EXERCISE INPUTS -
(* Let $n\ge 1$, $h=1/(2n)$. Consider a fine grid on $\Omega^f=[0,1]\times[0,1]$ with points $((i-1)h,(j-1)h)$, $i=1,\dots,2n$ (periodic in $x$), where row $j=1$ lies on the interface $\Gamma=\{y=0\}$ (no ghost points are used on the fine side); and a coarse grid on $\Omega^c=[0,1]\times[-1,0]$ with points $(2(i-1)h,2(j-n)h)$, $i=1,\dots,n$ (periodic in $x$), where row $j=n$ lies on $\Gamma$ and $j=n+1$ is a row of ghost points. Let $(\boldsymbol u,\boldsymbol v)_h=h^2\sum_i\sum_j w^f_ju_{ij}v_{ij}$ and $(\boldsymbol u,\boldsymbol v)_{2h}=(2h)^2\sum_i\sum_j w^c_ju_{ij}v_{ij}$ be weighted inner products on the fine and coarse grids (weights positive; $w_1:=w^f_1$ is the weight of the interface row of the fine grid), and let $\langle\boldsymbol u_\Gamma,\boldsymbol v_\Gamma\rangle_h=h\sum_{i=1}^{2n}u_iv_i$, $\langle\boldsymbol u_\Gamma,\boldsymbol v_\Gamma\rangle_{2h}=2h\sum_{i=1}^n u_iv_i$. For a grid function $\boldsymbol u$, $\boldsymbol u_\Gamma$ (also written $\boldsymbol u|_\Gamma$) is its restriction to the interface row. Assume a linear operator $G_f(\mu)$ on fine grid functions (no ghost points) with a linear map $\boldsymbol v\mapsto\boldsymbol v'_\Gamma\in\mathbb R^{2n}$ such that $(\boldsymbol u,G_f(\mu)\boldsymbol v)_h=-S_f(\boldsymbol u,\boldsymbol v)-\langle\boldsymbol u_\Gamma,\boldsymbol v'_\Gamma\rangle_h$ for all $\boldsymbol u,\boldsymbol v$, and a linear operator $\widetilde G_c(\mu)$ on coarse grid functions with ghost points with a linear map $\widetilde{\boldsymbol v}\mapsto\widetilde{\boldsymbol v}'_\Gamma\in\mathbb R^n$ such that $(\boldsymbol u,\widetilde G_c(\mu)\widetilde{\boldsymbol v})_{2h}=-S_c(\boldsymbol u,\boldsymbol v)+\langle\boldsymbol u_\Gamma,\widetilde{\boldsymbol v}'_\Gamma\rangle_{2h}$ for all $\boldsymbol u,\widetilde{\boldsymbol v}$, where $S_f,S_c$ are symmetric positive semi-definite bilinear forms. Let $\boldsymbol\rho^f,\boldsymbol\rho^c$ be diagonal matrices with positive diagonal entries, and let $\mathcal P:\mathbb R^n\to\mathbb R^{2n}$ and $\mathcal R:\mathbb R^{2n}\to\mathbb R^n$ be linear maps with $\mathcal P=2\mathcal R^T$. Consider smooth time-dependent grid functions $\boldsymbol f(t)$ (fine) and $\widetilde{\boldsymbol c}(t)$ (coarse, with ghost points) satisfying, for all $t$: $\boldsymbol\rho^c\boldsymbol c_{tt}=\widetilde G_c(\mu)\widetilde{\boldsymbol c}$; $\boldsymbol f_{:,1}=\mathcal P(\boldsymbol c_{:,n})$; $(\boldsymbol\rho^f\boldsymbol f_{tt})_{:,1}=(G_f(\mu)\boldsymbol f)_{:,1}+\boldsymbol\eta$ and $(\boldsymbol\rho^f\boldsymbol f_{tt})_{:,j}=(G_f(\mu)\boldsymbol f)_{:,j}$ for $j\ge2$, where $\boldsymbol\eta=\boldsymbol\rho^f|_\Gamma\,\mathcal P\big((\boldsymbol\rho^c)^{-1}\widetilde G_c(\mu)\widetilde{\boldsymbol c}|_\Gamma\big)-G_f(\mu)\boldsymbol f|_\Gamma$; and $\widetilde{\boldsymbol c}'_\Gamma=\mathcal R\big(\boldsymbol f'_\Gamma-hw_1\boldsymbol\eta\big)$. Then $\frac{d}{dt}\left[(\boldsymbol f_t,\boldsymbol\rho^f\boldsymbol f_t)_h+S_f(\boldsymbol f,\boldsymbol f)+(\boldsymbol c_t,\boldsymbol\rho^c\boldsymbol c_t)_{2h}+S_c(\boldsymbol c,\boldsymbol c)\right]=0.$
   Context: This is the "improved SBP-GP" semi-discretization of the two-dimensional acoustic wave equation $\rho u_{tt}=\nabla\cdot(\mu\nabla u)$ across a 1:2 mesh refinement interface at $y=0$, with continuity of solution and normal flux imposed using only ghost points on the coarse side; periodic in $x$, and contributions from the outer boundaries are not included (as encoded in the assumed summation-by-parts identities). $\boldsymbol c$ denotes the restriction of $\widetilde{\boldsymbol c}$ to non-ghost points; colon notation $\boldsymbol f_{:,j}$ means the $j$-th row (all $i$); $\boldsymbol\rho^f|_\Gamma$ is the diagonal matrix of $\boldsymbol\rho^f$-entries on the interface row. In the paper $\boldsymbol v'_\Gamma$ has entries $\mu_{i,1}\boldsymbol b_1^T\boldsymbol v_{i,:}$, a boundary approximation of $\mu\,\partial_y v$. *)

theory Defs
  imports Complex_Main
begin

TO DO -
Everything in the records above should be written out again exactly.

WRITTEN REPLY -
(* Let $n\ge 1$, $h=1/(2n)$. Consider a fine grid on $\Omega^f=[0,1]\times[0,1]$ with points $((i-1)h,(j-1)h)$, $i=1,\dots,2n$ (periodic in $x$), where row $j=1$ lies on the interface $\Gamma=\{y=0\}$ (no ghost points are used on the fine side); and a coarse grid on $\Omega^c=[0,1]\times[-1,0]$ with points $(2(i-1)h,2(j-n)h)$, $i=1,\dots,n$ (periodic in $x$), where row $j=n$ lies on $\Gamma$ and $j=n+1$ is a row of ghost points. Let $(\boldsymbol u,\boldsymbol v)_h=h^2\sum_i\sum_j w^f_ju_{ij}v_{ij}$ and $(\boldsymbol u,\boldsymbol v)_{2h}=(2h)^2\sum_i\sum_j w^c_ju_{ij}v_{ij}$ be weighted inner products on the fine and coarse grids (weights positive; $w_1:=w^f_1$ is the weight of the interface row of the fine grid), and let $\langle\boldsymbol u_\Gamma,\boldsymbol v_\Gamma\rangle_h=h\sum_{i=1}^{2n}u_iv_i$, $\langle\boldsymbol u_\Gamma,\boldsymbol v_\Gamma\rangle_{2h}=2h\sum_{i=1}^n u_iv_i$. For a grid function $\boldsymbol u$, $\boldsymbol u_\Gamma$ (also written $\boldsymbol u|_\Gamma$) is its restriction to the interface row. Assume a linear operator $G_f(\mu)$ on fine grid functions (no ghost points) with a linear map $\boldsymbol v\mapsto\boldsymbol v'_\Gamma\in\mathbb R^{2n}$ such that $(\boldsymbol u,G_f(\mu)\boldsymbol v)_h=-S_f(\boldsymbol u,\boldsymbol v)-\langle\boldsymbol u_\Gamma,\boldsymbol v'_\Gamma\rangle_h$ for all $\boldsymbol u,\boldsymbol v$, and a linear operator $\widetilde G_c(\mu)$ on coarse grid functions with ghost points with a linear map $\widetilde{\boldsymbol v}\mapsto\widetilde{\boldsymbol v}'_\Gamma\in\mathbb R^n$ such that $(\boldsymbol u,\widetilde G_c(\mu)\widetilde{\boldsymbol v})_{2h}=-S_c(\boldsymbol u,\boldsymbol v)+\langle\boldsymbol u_\Gamma,\widetilde{\boldsymbol v}'_\Gamma\rangle_{2h}$ for all $\boldsymbol u,\widetilde{\boldsymbol v}$, where $S_f,S_c$ are symmetric positive semi-definite bilinear forms. Let $\boldsymbol\rho^f,\boldsymbol\rho^c$ be diagonal matrices with positive diagonal entries, and let $\mathcal P:\mathbb R^n\to\mathbb R^{2n}$ and $\mathcal R:\mathbb R^{2n}\to\mathbb R^n$ be linear maps with $\mathcal P=2\mathcal R^T$. Consider smooth time-dependent grid functions $\boldsymbol f(t)$ (fine) and $\widetilde{\boldsymbol c}(t)$ (coarse, with ghost points) satisfying, for all $t$: $\boldsymbol\rho^c\boldsymbol c_{tt}=\widetilde G_c(\mu)\widetilde{\boldsymbol c}$; $\boldsymbol f_{:,1}=\mathcal P(\boldsymbol c_{:,n})$; $(\boldsymbol\rho^f\boldsymbol f_{tt})_{:,1}=(G_f(\mu)\boldsymbol f)_{:,1}+\boldsymbol\eta$ and $(\boldsymbol\rho^f\boldsymbol f_{tt})_{:,j}=(G_f(\mu)\boldsymbol f)_{:,j}$ for $j\ge2$, where $\boldsymbol\eta=\boldsymbol\rho^f|_\Gamma\,\mathcal P\big((\boldsymbol\rho^c)^{-1}\widetilde G_c(\mu)\widetilde{\boldsymbol c}|_\Gamma\big)-G_f(\mu)\boldsymbol f|_\Gamma$; and $\widetilde{\boldsymbol c}'_\Gamma=\mathcal R\big(\boldsymbol f'_\Gamma-hw_1\boldsymbol\eta\big)$. Then $\frac{d}{dt}\left[(\boldsymbol f_t,\boldsymbol\rho^f\boldsymbol f_t)_h+S_f(\boldsymbol f,\boldsymbol f)+(\boldsymbol c_t,\boldsymbol\rho^c\boldsymbol c_t)_{2h}+S_c(\boldsymbol c,\boldsymbol c)\right]=0.$
   Context: This is the "improved SBP-GP" semi-discretization of the two-dimensional acoustic wave equation $\rho u_{tt}=\nabla\cdot(\mu\nabla u)$ across a 1:2 mesh refinement interface at $y=0$, with continuity of solution and normal flux imposed using only ghost points on the coarse side; periodic in $x$, and contributions from the outer boundaries are not included (as encoded in the assumed summation-by-parts identities). $\boldsymbol c$ denotes the restriction of $\widetilde{\boldsymbol c}$ to non-ghost points; colon notation $\boldsymbol f_{:,j}$ means the $j$-th row (all $i$); $\boldsymbol\rho^f|_\Gamma$ is the diagonal matrix of $\boldsymbol\rho^f$-entries on the interface row. In the paper $\boldsymbol v'_\Gamma$ has entries $\mu_{i,1}\boldsymbol b_1^T\boldsymbol v_{i,:}$, a boundary approximation of $\mu\,\partial_y v$. *)

theory Defs
  imports Complex_Main
begin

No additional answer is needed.